[[ Information given, beginning ]]

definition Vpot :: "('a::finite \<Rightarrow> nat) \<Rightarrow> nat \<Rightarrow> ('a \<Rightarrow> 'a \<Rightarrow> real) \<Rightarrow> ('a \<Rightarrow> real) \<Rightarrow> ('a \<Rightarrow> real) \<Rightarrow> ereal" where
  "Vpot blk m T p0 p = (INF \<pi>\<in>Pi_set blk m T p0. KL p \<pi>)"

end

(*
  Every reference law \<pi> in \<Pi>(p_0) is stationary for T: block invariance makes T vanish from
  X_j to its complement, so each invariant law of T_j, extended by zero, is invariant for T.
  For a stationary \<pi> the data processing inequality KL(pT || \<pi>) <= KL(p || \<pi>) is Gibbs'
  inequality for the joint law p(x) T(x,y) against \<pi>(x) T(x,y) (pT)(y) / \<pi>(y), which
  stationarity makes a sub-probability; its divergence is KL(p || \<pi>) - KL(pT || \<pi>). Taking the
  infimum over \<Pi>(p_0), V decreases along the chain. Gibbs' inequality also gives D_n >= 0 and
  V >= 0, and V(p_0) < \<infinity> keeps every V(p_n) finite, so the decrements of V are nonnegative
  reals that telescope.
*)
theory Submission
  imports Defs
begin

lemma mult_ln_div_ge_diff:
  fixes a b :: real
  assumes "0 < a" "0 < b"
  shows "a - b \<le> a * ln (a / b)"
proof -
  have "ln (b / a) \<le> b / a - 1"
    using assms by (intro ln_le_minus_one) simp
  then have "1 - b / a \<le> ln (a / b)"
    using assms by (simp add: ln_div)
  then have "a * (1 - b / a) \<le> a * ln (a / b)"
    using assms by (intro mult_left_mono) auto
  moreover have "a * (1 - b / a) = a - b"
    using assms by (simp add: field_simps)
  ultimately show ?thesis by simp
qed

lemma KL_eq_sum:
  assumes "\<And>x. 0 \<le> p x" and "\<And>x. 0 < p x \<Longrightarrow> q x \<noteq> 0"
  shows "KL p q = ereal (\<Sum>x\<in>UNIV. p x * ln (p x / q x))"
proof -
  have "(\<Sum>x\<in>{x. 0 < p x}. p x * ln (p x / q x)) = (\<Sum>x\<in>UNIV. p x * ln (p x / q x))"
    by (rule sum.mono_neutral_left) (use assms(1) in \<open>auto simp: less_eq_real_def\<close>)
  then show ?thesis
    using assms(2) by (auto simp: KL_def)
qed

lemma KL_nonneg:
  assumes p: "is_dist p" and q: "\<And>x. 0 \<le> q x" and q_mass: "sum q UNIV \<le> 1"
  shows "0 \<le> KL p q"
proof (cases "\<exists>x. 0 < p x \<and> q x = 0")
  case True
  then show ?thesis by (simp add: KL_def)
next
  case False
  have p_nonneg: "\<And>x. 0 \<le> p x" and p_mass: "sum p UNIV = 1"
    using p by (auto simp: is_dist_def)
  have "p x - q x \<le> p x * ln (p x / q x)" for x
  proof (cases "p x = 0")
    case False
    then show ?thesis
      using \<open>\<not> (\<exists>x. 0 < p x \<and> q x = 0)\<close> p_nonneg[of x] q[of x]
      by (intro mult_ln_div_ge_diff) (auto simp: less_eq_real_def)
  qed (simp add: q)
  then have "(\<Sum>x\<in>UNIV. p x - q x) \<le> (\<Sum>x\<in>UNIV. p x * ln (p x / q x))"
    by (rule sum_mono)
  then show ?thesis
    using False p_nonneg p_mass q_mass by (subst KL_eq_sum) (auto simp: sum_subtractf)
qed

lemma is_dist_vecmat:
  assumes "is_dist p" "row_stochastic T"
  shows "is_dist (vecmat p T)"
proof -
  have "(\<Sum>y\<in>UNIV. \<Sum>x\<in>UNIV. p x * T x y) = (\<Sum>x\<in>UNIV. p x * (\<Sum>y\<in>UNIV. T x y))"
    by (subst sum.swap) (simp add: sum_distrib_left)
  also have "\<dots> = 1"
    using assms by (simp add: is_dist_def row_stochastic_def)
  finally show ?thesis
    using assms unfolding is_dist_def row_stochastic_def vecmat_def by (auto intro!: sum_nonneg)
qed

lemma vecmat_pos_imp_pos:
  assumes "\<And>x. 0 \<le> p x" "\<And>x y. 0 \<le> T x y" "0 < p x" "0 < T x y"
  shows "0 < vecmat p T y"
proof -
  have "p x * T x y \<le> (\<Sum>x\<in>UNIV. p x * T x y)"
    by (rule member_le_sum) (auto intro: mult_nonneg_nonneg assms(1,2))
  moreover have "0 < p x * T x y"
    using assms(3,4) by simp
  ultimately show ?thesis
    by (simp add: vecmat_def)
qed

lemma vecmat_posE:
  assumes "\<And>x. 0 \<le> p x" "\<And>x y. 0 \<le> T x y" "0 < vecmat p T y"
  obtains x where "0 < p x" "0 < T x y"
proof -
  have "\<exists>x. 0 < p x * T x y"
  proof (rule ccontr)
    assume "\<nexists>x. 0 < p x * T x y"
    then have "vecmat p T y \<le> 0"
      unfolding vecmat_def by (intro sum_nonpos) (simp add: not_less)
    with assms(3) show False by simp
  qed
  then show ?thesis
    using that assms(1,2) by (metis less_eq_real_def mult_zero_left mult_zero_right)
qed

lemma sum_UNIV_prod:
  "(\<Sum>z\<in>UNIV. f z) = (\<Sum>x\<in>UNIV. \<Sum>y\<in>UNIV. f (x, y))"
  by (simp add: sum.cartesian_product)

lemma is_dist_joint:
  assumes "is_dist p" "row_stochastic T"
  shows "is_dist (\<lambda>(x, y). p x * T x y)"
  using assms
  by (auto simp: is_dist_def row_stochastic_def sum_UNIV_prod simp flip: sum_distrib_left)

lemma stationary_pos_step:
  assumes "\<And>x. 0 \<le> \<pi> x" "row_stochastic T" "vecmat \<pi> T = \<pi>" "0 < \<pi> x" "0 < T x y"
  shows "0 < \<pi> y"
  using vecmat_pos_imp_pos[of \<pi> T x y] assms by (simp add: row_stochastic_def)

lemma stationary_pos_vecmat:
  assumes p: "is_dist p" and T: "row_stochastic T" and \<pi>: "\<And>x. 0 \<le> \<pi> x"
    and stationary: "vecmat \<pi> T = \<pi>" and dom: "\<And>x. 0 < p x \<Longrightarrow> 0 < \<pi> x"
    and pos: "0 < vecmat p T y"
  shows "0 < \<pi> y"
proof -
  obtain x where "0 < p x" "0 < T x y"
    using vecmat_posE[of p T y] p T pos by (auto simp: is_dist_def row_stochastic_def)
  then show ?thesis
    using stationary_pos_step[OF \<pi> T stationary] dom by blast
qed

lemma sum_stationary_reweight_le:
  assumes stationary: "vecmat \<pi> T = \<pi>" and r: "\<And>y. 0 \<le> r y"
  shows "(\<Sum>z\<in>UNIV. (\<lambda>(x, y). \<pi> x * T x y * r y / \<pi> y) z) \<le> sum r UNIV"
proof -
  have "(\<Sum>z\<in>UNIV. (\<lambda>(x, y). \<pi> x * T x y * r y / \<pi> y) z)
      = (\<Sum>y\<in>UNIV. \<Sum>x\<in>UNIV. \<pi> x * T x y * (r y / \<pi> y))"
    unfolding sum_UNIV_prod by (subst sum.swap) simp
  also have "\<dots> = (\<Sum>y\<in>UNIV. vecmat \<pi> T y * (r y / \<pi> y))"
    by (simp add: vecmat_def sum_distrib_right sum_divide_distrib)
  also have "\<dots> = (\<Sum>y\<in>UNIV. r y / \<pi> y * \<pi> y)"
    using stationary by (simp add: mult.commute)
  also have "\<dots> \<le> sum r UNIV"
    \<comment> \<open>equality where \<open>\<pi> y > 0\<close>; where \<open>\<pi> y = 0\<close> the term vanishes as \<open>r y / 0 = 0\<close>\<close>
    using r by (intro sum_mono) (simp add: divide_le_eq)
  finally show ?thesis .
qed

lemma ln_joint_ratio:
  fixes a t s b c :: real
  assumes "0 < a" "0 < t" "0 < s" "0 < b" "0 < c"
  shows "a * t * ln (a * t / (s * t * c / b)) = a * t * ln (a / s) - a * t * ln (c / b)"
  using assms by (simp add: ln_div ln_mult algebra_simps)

[[ Information given, end ]]
[[ Information given, beginning ]]

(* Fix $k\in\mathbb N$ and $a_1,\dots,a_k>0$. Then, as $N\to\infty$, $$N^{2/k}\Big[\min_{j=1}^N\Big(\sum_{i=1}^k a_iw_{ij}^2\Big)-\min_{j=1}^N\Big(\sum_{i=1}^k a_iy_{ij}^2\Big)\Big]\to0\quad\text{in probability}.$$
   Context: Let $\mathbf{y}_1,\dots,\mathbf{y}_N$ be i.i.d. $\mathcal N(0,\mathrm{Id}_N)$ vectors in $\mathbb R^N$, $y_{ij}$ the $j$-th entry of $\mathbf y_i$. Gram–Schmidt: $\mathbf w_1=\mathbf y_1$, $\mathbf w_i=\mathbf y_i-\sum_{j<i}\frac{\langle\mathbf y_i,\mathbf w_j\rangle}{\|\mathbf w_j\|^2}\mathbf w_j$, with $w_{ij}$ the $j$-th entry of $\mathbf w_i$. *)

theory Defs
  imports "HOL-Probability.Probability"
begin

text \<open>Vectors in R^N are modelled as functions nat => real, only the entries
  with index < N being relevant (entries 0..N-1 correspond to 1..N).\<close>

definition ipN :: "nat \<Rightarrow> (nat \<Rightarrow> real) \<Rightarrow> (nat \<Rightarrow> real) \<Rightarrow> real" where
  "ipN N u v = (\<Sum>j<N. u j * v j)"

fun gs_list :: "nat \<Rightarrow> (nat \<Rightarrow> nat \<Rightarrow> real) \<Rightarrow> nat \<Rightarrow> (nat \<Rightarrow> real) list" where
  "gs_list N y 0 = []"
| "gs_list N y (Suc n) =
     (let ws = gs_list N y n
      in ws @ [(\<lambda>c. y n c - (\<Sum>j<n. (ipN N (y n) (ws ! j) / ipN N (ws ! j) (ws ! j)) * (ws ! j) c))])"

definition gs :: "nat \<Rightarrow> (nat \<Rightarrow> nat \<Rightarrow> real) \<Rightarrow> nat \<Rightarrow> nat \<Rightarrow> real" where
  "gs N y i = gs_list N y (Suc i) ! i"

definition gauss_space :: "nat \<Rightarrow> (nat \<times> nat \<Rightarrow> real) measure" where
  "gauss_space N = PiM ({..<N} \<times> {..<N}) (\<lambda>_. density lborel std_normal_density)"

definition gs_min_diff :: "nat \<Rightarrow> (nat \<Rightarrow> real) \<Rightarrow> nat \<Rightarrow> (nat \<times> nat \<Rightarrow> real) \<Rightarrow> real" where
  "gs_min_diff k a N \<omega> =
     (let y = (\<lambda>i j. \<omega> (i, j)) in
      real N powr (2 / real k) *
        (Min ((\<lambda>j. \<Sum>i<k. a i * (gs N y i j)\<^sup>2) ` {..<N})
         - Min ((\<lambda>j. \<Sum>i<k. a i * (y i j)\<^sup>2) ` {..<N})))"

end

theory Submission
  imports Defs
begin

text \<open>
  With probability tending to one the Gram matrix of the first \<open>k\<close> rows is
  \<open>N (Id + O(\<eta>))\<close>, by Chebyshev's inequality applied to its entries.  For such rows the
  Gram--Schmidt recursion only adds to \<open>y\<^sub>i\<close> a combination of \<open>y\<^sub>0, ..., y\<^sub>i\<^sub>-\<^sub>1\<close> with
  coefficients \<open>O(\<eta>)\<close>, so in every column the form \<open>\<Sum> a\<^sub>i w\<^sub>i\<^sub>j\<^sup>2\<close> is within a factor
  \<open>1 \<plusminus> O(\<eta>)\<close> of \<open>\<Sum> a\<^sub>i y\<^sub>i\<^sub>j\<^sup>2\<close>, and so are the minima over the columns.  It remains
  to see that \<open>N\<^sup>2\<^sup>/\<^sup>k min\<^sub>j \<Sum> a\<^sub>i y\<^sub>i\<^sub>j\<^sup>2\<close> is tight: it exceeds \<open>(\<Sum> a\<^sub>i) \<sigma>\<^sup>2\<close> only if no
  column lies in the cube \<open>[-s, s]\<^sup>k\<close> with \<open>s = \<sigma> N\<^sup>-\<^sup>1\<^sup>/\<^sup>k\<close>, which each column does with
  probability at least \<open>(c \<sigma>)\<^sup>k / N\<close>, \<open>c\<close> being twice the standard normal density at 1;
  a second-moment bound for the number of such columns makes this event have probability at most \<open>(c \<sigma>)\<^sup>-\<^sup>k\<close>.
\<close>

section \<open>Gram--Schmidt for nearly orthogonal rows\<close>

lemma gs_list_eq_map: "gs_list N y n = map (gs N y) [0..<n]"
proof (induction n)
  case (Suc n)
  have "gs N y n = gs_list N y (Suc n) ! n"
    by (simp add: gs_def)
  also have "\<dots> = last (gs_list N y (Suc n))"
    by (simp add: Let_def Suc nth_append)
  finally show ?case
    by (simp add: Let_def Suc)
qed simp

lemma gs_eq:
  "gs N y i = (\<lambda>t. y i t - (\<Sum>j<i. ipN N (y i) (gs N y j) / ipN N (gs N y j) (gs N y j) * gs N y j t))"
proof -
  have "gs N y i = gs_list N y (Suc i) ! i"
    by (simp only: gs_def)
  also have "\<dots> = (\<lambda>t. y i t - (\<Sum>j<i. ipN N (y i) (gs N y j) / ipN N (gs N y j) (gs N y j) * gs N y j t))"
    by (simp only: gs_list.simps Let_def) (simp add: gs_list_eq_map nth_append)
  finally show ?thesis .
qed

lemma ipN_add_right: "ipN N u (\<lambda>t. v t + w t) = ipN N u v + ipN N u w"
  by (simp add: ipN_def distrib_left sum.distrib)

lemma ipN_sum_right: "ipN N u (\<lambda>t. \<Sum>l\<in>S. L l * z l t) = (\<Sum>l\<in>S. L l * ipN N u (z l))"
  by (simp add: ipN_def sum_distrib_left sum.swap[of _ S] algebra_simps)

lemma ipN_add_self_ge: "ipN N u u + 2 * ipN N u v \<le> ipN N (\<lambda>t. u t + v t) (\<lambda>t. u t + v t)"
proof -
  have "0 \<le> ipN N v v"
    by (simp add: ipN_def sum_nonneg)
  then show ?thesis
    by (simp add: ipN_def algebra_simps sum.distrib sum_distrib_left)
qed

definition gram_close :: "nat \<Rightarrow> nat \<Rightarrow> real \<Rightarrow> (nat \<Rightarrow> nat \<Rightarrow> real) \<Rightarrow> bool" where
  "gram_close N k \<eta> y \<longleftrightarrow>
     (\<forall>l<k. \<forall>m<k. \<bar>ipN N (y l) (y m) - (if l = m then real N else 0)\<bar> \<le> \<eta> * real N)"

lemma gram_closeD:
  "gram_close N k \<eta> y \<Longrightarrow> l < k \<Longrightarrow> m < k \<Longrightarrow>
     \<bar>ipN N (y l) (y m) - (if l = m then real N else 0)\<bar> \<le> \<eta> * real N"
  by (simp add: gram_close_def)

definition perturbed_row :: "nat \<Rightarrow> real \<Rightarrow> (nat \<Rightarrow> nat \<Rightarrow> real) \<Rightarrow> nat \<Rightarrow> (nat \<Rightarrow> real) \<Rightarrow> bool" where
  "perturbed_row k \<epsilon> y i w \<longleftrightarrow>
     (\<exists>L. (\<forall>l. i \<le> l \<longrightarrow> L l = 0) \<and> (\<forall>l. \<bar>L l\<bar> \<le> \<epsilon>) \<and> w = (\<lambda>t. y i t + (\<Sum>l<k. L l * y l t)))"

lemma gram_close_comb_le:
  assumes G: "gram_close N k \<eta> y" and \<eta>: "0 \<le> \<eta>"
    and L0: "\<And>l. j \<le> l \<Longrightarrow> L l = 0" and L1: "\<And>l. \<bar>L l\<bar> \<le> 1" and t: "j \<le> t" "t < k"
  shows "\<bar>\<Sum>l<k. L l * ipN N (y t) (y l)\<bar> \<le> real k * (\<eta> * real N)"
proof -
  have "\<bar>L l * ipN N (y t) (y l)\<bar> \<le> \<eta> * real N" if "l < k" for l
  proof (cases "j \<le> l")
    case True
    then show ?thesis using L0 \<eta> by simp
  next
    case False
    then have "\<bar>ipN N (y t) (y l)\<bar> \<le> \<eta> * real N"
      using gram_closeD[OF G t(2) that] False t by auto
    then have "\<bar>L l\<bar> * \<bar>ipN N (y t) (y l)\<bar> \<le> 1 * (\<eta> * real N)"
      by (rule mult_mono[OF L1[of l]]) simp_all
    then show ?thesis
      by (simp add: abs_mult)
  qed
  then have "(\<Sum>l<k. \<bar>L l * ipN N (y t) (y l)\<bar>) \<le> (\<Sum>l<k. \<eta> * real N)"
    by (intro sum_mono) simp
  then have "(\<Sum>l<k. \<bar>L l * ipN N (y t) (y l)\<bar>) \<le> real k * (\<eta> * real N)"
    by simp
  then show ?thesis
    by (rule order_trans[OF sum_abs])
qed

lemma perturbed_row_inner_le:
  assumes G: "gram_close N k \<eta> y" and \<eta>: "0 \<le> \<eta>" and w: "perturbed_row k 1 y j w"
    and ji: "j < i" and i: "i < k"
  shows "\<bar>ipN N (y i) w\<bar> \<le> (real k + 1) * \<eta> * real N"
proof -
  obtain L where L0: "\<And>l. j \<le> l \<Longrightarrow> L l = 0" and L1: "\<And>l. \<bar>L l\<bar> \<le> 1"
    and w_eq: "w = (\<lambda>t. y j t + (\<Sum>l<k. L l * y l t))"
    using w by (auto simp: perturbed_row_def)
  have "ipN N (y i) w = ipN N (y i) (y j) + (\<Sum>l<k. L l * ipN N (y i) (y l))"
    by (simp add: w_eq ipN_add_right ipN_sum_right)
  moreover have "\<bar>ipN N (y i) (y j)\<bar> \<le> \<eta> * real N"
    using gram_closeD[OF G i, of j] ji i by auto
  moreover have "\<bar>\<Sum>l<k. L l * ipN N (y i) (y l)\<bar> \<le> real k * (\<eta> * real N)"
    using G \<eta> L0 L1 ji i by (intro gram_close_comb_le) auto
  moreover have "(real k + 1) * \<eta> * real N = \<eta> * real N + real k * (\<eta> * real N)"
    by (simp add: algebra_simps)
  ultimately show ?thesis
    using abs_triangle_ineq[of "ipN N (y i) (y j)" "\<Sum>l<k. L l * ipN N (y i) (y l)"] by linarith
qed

[[ Information given, end ]]

**Problem to work on:**
The only reply wanted is the number of lines in the records above containing the word "else".

**Reply:**
2